Through the above description of the embodiments, those skilled in the art will readily understand that the exemplary embodiments described herein may be implemented by software, or by software in combination with necessary hardware. Therefore, the technical solution according to the embodiments of the present disclosure may be embodied in the form of a software product, which may be stored in a non-volatile storage medium (which may be a CD-ROM, a usb disk, a removable hard disk, etc.) or on a network, and includes several instructions to enable a computing device (which may be a personal computer, a server, or a network device, etc.) to execute the above-mentioned image feature extraction method according to the embodiments of the present disclosure.

Compared with the prior art, the invention has the advantages that:

the method comprises the steps of expanding a characteristic pyramid of a plane in the BiFPN into a three-dimensional characteristic fusion mode, changing a planar characteristic pyramid network into two planes, wherein one plane is from top to bottom and then from bottom to top, the other plane is from bottom to top and then from bottom to top, then fusing the outputs of the two planes, and finally stacking the two planes to form a new pyramid network structure.

Other embodiments of the disclosure will be apparent to those skilled in the art from consideration of the specification and practice of the disclosure disclosed herein. This application is intended to cover any variations, uses, or adaptations of the disclosure following, in general, the principles of the disclosure and including such departures from the present disclosure as come within known or customary practice within the art to which the disclosure pertains.

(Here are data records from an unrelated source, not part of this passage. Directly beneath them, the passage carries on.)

lemma chain_den_pos: "0 < 1 + q - (1 + p) * q ^ Suc n"
proof -
  have "(1 + p) * q ^ Suc n \<le> (1 + p) * q"
    using q p by (intro mult_left_mono) (auto simp: power_le_one)
  moreover have "p * q < 1" using q p by (simp add: pq_less_1)
  ultimately show ?thesis by (simp add: algebra_simps)
qed

lemma one_minus_h_seq: "1 - h_seq p q k = (1 - q ^ Suc k) / (1 + q - (1 + p) * q ^ Suc k)"
  using chain_den_pos[of k] by (simp add: h_seq_def field_simps)

lemma one_minus_min_seq: "1 - min_seq p q k = (1 - p * q ^ Suc k) / (1 + q - (1 + p) * q ^ Suc k)"
  using chain_den_pos[of k] by (simp add: min_seq_def field_simps)

lemma one_minus_max_seq:
  "1 - max_seq p q k = (1 - q ^ Suc k) * (1 - p * q ^ Suc k) * Delta p q (Suc (Suc k))
    / Delta p q (Suc k) / (1 + q - (1 + p) * q ^ Suc k)"
proof -
  define X where "X = Delta p q (Suc k) * (1 + q - (1 + p) * q ^ Suc k)"
  have "0 < X" unfolding X_def using chain_den_pos[of k] Delta_pos[OF q p] by simp
  have "max_seq p q k = q * Delta p q k / X" by (simp add: max_seq_def X_def)
  then have "1 - max_seq p q k = (X - q * Delta p q k) / X"
    using \<open>0 < X\<close> by (simp add: field_simps)
  then show ?thesis
    unfolding divide_divide_eq_left X_def by (simp only: mult.commute[of "Delta p q (Suc k)"] Delta_rec[OF q p])
qed

lemma chain_seq_Suc_mult:
  assumes "f (Suc k) = q * a / (1 + q - (1 + p) * q ^ Suc (Suc k))"
    and "1 - f k = b / (1 + q - (1 + p) * q ^ Suc k)"
    and "a * b = (1 - q ^ Suc k) * (1 - p * q ^ Suc k)"
  shows "f (Suc k) * (1 - f k) = beta_seq p q (Suc k)"
  unfolding beta_seq_def assms(1,2) mult.assoc[of q] assms(3)[symmetric] times_divide_times_eq
  by (simp add: ac_simps)

lemma h_seq_Suc_mult: "h_seq p q (Suc k) * (1 - h_seq p q k) = beta_seq p q (Suc k)"
  by (rule chain_seq_Suc_mult[OF _ one_minus_h_seq, where a = "1 - p * q ^ Suc k"])
    (simp_all add: h_seq_def mult.commute)
lemma symmetrised_path_weight_eq_0:
  assumes "jac_nilpotent_pow n (Suc e) Hc (Suc q)" "i < n" "j < n" "set L \<subseteq> {..<n}"
    and len: "length L = e * Suc q"
  shows "(\<Sum>\<pi> | \<pi> permutes {..<length L}. \<Sum>tys\<in>words q n.
      path_weight Hc (Suc e) (i # tys @ [j]) (\<lambda>m. take e (drop (e * m) (permute_list \<pi> L))) (Suc q)) = 0"
proof -
  let ?w\<^sub>0 = "block_colouring e (Suc q)"
  let ?P = "{\<pi>. \<pi> permutes {..<length L}}"
  define \<Phi> where "\<Phi> w = (\<Sum>tys\<in>words q n. path_weight Hc (Suc e) (i # tys @ [j]) (colour_class L w) (Suc q))"
    for w
  have len\<^sub>0: "length ?w\<^sub>0 = length L"
    using len by simp
  \<comment> \<open>The blocks of permute_list \<pi> L are the colour classes of L under the block colouring permuted by inv \<pi>.\<close>
  have "mset (take e (drop (e * m) (permute_list \<pi> L))) = mset (colour_class L (permute_list (inv \<pi>) ?w\<^sub>0) m)"
    if \<pi>: "\<pi> permutes {..<length L}" and m: "m < Suc q" for \<pi> m
  proof -
    have inv: "inv \<pi> permutes {..<length L}"
      using \<pi> by (rule permutes_inv)
    have "permute_list (inv \<pi>) (permute_list \<pi> L) = L"
      using permute_list_compose[OF inv, of \<pi>] permutes_inv_o(1)[OF \<pi>] by simp
    moreover have "take e (drop (e * m) (permute_list \<pi> L)) = colour_class (permute_list \<pi> L) ?w\<^sub>0 m"
      using colour_class_block_colouring[of "permute_list \<pi> L" e "Suc q" m] len m by simp
    ultimately show ?thesis
      using mset_colour_class_permute_list[of "inv \<pi>" "permute_list \<pi> L" ?w\<^sub>0 m] inv len\<^sub>0 by simp
  qed
  then have "(\<Sum>\<pi>\<in>?P. \<Sum>tys\<in>words q n.
      path_weight Hc (Suc e) (i # tys @ [j]) (\<lambda>m. take e (drop (e * m) (permute_list \<pi> L))) (Suc q))
      = (\<Sum>\<pi>\<in>?P. \<Phi> (permute_list (inv \<pi>) ?w\<^sub>0))"
    unfolding \<Phi>_def by (intro sum.cong refl path_weight_mset_cong) auto
  also have "\<dots> = (\<Sum>\<pi>\<in>?P. \<Phi> (permute_list \<pi> ?w\<^sub>0))"
    by (rule sum_permutations_inverse[symmetric])
  also have "\<dots> = of_nat (card {\<sigma>. \<sigma> permutes {..<length L} \<and> permute_list \<sigma> ?w\<^sub>0 = ?w\<^sub>0})
      * (\<Sum>w | mset w = mset ?w\<^sub>0. \<Phi> w)"
    using sum_permutations_permute_list[of \<Phi> ?w\<^sub>0] by (simp only: len\<^sub>0)
  also have "(\<Sum>w | mset w = mset ?w\<^sub>0. \<Phi> w) = 0"
    unfolding \<Phi>_def by (rule sum_block_arrangements_path_weight_eq_0[OF assms])
  finally show ?thesis
    by simp
qed

section \<open>Shuffle classes\<close>

lemma subtree_at_append: "subtree_at T (a @ b) = subtree_at (subtree_at T a) b"
proof (induction a arbitrary: T)
  case (Cons c a) then show ?case by (cases T) simp
qed simp

lemma valid_addr_append: "valid_addr T (a @ b) \<longleftrightarrow> valid_addr T a \<and> valid_addr (subtree_at T a) b"
proof (induction a arbitrary: T)
  case (Cons c a) then show ?case by (cases T) auto
qed simp

lemma d_catalan_subtree_at: "valid_addr T a \<Longrightarrow> d_catalan d T \<Longrightarrow> d_catalan d (subtree_at T a)"
proof (induction a arbitrary: T)
  case (Cons c a) then show ?case by (cases T) auto
qed simp

lemma n_type_subtree_at: "valid_addr T a \<Longrightarrow> n_type n T \<Longrightarrow> n_type n (subtree_at T a)"
proof (induction a arbitrary: T)
  case (Cons c a) then show ?case by (cases T) auto
qed simp

lemma n_type_root_type: "n_type n T \<Longrightarrow> root_type T < n"
  by (cases T) simp

lemma root_type_replace_at:
  "root_type s = root_type (subtree_at T a) \<Longrightarrow> root_type (replace_at T a s) = root_type T"
  by (cases a; cases T) auto

lemma subtree_at_replace_at: "valid_addr T a \<Longrightarrow> subtree_at (replace_at T a s) a = s"
proof (induction a arbitrary: T)
  case (Cons c a) then show ?case by (cases T) auto
qed simp

lemma mu_eq_occurrences: "mu ts = occurrences (map root_type ts)"
  by (simp add: mu_def occurrences_def o_def)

It is intended that the specification and examples be considered as exemplary only, with a true scope and spirit of the disclosure being indicated by the following claims.

Claims

1. An image feature extraction method, characterized by comprising:

2. The image feature extraction method of claim 1, wherein the two-layer bidirectional feature pyramid neural network module comprises:

n input nodes;

3. The image feature extraction method according to claim 2, wherein, in the first intermediate layer:

4. The image feature extraction method according to claim 3, wherein, in the first intermediate layer:

one node X of the first set of nodes₁₁From a first input node IN₁And a second input node IN₂The fusion is obtained, another of the first set of nodesA node X₁₂From a second input node IN₂And another node X of the second group of nodes₂₂Obtaining fusion;

5. The image feature extraction method according to claim 4, wherein, in the second intermediate layer:

6. The image feature extraction method according to claim 5, wherein, in the second intermediate layer:

7. The image feature extraction method of any one of claims 1 to 6, wherein when N images of different sizes are input as a plurality of two-level bidirectional feature pyramid neural network modules, an output of a previous two-level bidirectional feature pyramid neural network module is input as a next two-level bidirectional feature pyramid neural network module.

8. An image feature extraction device characterized by comprising:

9. An electronic device, characterized in that the electronic device comprises:

a processor;

a storage medium having stored thereon a computer program which, when executed by the processor, performs the image feature extraction method according to any one of claims 1 to 7.

10. A storage medium having stored thereon a computer program which, when executed by a processor, performs the image feature extraction method according to any one of claims 1 to 7.